* **Exercise inputs**:

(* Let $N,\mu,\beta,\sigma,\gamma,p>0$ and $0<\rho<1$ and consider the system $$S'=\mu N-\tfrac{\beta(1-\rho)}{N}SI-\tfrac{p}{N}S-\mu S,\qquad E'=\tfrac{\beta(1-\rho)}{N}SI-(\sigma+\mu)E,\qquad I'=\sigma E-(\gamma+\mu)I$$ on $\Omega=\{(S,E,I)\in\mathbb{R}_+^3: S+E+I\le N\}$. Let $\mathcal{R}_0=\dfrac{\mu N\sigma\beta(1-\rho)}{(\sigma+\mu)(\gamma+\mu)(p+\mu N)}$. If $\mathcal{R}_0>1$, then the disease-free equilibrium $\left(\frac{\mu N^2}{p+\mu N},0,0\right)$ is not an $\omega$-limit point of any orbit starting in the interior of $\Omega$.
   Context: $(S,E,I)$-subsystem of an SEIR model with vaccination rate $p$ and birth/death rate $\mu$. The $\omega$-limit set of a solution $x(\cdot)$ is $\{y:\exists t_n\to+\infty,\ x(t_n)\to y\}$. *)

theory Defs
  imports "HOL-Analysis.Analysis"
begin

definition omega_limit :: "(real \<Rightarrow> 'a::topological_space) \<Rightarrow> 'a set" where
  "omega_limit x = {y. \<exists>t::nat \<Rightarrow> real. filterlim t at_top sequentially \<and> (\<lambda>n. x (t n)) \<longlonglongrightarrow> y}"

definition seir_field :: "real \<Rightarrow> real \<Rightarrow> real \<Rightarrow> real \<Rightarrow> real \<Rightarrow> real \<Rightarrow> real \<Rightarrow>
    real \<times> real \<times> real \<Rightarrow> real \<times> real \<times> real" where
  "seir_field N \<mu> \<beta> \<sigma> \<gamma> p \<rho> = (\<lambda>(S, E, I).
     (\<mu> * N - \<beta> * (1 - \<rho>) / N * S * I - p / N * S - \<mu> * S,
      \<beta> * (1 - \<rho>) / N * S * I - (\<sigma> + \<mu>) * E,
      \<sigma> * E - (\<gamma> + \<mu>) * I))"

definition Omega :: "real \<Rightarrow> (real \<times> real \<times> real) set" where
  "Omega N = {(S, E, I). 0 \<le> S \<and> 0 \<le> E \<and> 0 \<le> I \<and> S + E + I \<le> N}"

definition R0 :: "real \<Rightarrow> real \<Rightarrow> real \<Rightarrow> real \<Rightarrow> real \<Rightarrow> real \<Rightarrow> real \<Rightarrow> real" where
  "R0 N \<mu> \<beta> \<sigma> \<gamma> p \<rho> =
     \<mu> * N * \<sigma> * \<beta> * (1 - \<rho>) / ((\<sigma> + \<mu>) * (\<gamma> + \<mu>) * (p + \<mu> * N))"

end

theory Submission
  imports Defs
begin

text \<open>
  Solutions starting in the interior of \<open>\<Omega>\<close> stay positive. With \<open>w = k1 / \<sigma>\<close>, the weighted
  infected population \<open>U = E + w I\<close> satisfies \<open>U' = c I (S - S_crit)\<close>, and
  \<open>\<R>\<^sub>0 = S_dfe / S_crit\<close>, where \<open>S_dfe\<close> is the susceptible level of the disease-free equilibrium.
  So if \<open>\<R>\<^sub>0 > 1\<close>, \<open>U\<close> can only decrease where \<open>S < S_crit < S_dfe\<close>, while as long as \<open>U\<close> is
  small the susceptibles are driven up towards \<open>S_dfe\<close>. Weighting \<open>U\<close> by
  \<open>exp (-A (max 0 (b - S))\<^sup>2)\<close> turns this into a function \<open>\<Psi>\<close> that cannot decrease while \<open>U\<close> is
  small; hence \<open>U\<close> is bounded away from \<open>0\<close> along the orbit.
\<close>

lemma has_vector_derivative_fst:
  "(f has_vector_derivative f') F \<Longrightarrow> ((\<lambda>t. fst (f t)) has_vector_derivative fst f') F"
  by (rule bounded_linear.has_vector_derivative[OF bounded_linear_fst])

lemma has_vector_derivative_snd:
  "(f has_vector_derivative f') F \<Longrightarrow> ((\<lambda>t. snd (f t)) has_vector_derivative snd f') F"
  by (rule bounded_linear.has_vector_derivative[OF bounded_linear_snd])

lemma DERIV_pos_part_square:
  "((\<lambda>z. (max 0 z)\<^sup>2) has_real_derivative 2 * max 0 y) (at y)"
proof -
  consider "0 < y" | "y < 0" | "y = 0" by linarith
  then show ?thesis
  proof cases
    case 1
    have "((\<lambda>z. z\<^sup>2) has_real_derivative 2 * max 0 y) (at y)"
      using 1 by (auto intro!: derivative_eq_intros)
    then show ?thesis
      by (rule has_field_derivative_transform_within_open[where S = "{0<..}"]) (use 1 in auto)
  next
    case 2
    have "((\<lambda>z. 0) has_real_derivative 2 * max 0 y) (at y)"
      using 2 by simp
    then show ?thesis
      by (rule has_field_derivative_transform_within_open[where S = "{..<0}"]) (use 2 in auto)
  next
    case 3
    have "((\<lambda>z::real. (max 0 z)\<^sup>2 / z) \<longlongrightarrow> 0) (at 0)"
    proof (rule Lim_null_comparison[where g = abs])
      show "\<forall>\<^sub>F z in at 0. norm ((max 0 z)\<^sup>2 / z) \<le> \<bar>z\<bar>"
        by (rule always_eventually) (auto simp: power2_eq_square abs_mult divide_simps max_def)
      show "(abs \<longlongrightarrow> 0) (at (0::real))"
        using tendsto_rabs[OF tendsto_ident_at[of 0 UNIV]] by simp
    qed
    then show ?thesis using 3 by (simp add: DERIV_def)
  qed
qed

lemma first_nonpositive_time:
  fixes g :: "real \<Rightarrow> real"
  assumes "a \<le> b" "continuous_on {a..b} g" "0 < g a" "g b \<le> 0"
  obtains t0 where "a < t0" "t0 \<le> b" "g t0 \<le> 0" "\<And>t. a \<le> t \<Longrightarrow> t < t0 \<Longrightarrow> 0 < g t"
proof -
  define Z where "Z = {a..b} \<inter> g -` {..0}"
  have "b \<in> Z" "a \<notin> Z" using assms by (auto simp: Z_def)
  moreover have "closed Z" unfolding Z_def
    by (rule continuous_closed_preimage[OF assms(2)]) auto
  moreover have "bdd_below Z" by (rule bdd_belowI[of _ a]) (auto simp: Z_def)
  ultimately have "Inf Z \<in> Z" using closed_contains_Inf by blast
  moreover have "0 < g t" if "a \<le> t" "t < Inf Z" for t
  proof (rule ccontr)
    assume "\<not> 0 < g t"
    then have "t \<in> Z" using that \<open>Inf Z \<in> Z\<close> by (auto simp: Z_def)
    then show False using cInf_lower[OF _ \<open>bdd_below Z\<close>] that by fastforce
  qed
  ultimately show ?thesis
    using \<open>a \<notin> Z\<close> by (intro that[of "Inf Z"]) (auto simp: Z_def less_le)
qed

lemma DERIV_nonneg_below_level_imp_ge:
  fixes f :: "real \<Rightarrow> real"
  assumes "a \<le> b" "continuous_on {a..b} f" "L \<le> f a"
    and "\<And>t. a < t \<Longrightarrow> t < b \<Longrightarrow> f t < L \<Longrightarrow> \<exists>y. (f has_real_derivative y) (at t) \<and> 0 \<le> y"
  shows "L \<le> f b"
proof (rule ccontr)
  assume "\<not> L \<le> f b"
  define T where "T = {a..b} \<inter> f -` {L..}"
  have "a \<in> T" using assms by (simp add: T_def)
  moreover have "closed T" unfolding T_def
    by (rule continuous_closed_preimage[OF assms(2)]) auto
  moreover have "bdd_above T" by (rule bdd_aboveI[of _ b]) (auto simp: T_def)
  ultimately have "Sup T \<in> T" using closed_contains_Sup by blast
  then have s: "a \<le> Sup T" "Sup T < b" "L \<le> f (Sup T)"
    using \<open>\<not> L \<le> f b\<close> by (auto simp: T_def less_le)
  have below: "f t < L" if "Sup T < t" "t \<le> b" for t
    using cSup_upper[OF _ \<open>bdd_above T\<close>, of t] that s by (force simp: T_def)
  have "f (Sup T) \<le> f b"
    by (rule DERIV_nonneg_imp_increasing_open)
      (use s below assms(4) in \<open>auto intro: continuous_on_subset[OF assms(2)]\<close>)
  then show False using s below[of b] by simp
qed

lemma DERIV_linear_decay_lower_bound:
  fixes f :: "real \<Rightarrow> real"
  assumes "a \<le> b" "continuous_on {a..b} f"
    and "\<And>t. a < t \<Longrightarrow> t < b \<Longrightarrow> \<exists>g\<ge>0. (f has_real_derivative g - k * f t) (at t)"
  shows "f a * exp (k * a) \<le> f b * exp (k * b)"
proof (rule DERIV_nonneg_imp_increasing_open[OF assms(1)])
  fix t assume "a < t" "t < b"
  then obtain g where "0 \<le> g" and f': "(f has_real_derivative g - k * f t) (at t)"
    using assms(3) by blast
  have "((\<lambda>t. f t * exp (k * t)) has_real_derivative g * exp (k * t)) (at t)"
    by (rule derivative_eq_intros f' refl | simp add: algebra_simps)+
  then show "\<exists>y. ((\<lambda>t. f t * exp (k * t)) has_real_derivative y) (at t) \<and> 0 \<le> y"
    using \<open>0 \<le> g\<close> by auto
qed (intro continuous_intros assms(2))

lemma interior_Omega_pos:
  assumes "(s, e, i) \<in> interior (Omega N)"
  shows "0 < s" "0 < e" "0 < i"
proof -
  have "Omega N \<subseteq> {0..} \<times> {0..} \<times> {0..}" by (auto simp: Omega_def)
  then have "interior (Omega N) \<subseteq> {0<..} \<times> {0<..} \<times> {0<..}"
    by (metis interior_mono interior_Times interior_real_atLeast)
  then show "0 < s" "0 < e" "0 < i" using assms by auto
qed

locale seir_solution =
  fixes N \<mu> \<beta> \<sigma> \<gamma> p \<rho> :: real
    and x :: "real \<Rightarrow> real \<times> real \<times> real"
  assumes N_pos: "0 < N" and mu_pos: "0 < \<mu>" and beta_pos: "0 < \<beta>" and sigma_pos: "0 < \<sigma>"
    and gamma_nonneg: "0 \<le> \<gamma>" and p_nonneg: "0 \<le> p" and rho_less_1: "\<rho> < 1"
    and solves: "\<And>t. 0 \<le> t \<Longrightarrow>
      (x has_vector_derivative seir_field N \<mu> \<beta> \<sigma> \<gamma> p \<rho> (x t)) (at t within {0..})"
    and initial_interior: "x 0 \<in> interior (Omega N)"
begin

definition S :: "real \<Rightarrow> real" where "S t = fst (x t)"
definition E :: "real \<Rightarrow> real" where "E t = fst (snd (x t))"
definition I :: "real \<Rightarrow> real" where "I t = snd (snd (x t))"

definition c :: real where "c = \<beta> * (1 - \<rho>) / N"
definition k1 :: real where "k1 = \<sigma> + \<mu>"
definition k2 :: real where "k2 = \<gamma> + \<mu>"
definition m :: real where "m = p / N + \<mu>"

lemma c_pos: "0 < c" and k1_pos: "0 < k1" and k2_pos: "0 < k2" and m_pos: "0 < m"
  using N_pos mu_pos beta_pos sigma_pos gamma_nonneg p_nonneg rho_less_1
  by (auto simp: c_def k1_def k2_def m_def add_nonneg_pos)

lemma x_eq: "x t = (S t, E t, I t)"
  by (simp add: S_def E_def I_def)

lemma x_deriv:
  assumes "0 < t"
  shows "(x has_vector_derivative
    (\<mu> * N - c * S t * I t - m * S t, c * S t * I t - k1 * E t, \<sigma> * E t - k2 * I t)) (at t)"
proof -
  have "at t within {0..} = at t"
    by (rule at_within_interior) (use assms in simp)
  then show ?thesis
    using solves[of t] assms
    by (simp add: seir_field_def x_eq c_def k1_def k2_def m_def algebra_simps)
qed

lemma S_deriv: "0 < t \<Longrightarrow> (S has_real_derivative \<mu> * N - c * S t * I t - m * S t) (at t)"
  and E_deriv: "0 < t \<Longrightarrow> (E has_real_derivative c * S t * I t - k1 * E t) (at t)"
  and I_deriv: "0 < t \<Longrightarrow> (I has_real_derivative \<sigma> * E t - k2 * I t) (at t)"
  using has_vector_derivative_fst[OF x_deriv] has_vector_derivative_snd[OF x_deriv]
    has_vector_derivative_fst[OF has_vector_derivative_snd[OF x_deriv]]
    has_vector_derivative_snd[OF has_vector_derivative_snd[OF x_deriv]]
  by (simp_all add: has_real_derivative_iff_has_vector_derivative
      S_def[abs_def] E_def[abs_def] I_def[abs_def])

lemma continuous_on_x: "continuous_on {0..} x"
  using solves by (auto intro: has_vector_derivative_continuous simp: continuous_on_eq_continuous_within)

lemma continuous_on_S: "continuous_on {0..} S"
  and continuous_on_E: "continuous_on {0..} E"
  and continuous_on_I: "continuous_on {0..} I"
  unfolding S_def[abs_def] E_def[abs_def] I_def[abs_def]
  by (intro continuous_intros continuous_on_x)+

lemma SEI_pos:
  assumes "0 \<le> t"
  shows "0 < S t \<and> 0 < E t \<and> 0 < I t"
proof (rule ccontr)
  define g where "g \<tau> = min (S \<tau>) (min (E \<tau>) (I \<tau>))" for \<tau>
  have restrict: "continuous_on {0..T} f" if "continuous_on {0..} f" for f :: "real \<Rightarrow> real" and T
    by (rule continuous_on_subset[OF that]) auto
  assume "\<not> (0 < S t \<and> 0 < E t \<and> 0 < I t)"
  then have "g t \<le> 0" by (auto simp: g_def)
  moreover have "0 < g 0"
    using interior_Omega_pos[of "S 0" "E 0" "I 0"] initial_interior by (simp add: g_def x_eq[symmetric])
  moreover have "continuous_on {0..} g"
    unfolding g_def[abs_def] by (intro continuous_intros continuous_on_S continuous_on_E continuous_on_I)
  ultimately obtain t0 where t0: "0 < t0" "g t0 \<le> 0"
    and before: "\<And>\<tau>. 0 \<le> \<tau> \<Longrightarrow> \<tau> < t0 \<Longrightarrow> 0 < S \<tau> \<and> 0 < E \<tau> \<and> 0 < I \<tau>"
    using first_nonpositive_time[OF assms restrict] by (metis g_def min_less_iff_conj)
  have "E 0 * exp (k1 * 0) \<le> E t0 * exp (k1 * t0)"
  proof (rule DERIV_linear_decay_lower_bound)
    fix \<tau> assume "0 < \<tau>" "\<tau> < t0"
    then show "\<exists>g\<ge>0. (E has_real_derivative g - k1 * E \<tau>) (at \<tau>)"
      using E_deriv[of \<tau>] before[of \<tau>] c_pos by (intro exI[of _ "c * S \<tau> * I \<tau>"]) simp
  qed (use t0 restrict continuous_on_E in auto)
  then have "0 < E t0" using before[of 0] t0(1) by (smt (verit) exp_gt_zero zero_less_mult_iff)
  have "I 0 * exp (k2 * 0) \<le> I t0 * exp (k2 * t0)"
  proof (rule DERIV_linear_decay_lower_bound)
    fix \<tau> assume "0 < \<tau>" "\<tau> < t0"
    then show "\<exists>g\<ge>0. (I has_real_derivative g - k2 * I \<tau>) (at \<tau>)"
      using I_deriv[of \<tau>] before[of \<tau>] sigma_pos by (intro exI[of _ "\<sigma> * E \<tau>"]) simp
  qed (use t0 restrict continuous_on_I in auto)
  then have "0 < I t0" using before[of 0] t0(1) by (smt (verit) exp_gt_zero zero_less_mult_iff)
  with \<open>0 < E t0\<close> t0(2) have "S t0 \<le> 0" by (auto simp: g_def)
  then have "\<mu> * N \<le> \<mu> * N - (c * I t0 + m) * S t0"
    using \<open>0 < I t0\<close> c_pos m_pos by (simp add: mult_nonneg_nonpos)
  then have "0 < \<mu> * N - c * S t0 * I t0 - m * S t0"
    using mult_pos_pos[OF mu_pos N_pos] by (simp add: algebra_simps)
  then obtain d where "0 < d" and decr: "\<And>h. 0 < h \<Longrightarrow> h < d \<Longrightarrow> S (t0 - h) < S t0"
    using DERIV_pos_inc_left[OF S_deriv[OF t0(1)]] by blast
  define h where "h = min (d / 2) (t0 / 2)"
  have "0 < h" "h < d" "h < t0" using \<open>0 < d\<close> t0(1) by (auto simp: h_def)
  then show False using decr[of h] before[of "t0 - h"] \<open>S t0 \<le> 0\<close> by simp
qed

* **What the task asks**:
In the listing above, find the line with "(\<mu> * N - c * S" and the line with "0 \<le> \<tau>". Output those two lines and every line between them, exactly as written.

* **Your solution**:
    (\<mu> * N - c * S t * I t - m * S t, c * S t * I t - k1 * E t, \<sigma> * E t - k2 * I t)) (at t)"
proof -
  have "at t within {0..} = at t"
    by (rule at_within_interior) (use assms in simp)
  then show ?thesis
    using solves[of t] assms
    by (simp add: seir_field_def x_eq c_def k1_def k2_def m_def algebra_simps)
qed

lemma S_deriv: "0 < t \<Longrightarrow> (S has_real_derivative \<mu> * N - c * S t * I t - m * S t) (at t)"
  and E_deriv: "0 < t \<Longrightarrow> (E has_real_derivative c * S t * I t - k1 * E t) (at t)"
  and I_deriv: "0 < t \<Longrightarrow> (I has_real_derivative \<sigma> * E t - k2 * I t) (at t)"
  using has_vector_derivative_fst[OF x_deriv] has_vector_derivative_snd[OF x_deriv]
    has_vector_derivative_fst[OF has_vector_derivative_snd[OF x_deriv]]
    has_vector_derivative_snd[OF has_vector_derivative_snd[OF x_deriv]]
  by (simp_all add: has_real_derivative_iff_has_vector_derivative
      S_def[abs_def] E_def[abs_def] I_def[abs_def])

lemma continuous_on_x: "continuous_on {0..} x"
  using solves by (auto intro: has_vector_derivative_continuous simp: continuous_on_eq_continuous_within)

lemma continuous_on_S: "continuous_on {0..} S"
  and continuous_on_E: "continuous_on {0..} E"
  and continuous_on_I: "continuous_on {0..} I"
  unfolding S_def[abs_def] E_def[abs_def] I_def[abs_def]
  by (intro continuous_intros continuous_on_x)+

lemma SEI_pos:
  assumes "0 \<le> t"
  shows "0 < S t \<and> 0 < E t \<and> 0 < I t"
proof (rule ccontr)
  define g where "g \<tau> = min (S \<tau>) (min (E \<tau>) (I \<tau>))" for \<tau>
  have restrict: "continuous_on {0..T} f" if "continuous_on {0..} f" for f :: "real \<Rightarrow> real" and T
    by (rule continuous_on_subset[OF that]) auto
  assume "\<not> (0 < S t \<and> 0 < E t \<and> 0 < I t)"
  then have "g t \<le> 0" by (auto simp: g_def)
  moreover have "0 < g 0"
    using interior_Omega_pos[of "S 0" "E 0" "I 0"] initial_interior by (simp add: g_def x_eq[symmetric])
  moreover have "continuous_on {0..} g"
    unfolding g_def[abs_def] by (intro continuous_intros continuous_on_S continuous_on_E continuous_on_I)
  ultimately obtain t0 where t0: "0 < t0" "g t0 \<le> 0"
    and before: "\<And>\<tau>. 0 \<le> \<tau> \<Longrightarrow> \<tau> < t0 \<Longrightarrow> 0 < S \<tau> \<and> 0 < E \<tau> \<and> 0 < I \<tau>"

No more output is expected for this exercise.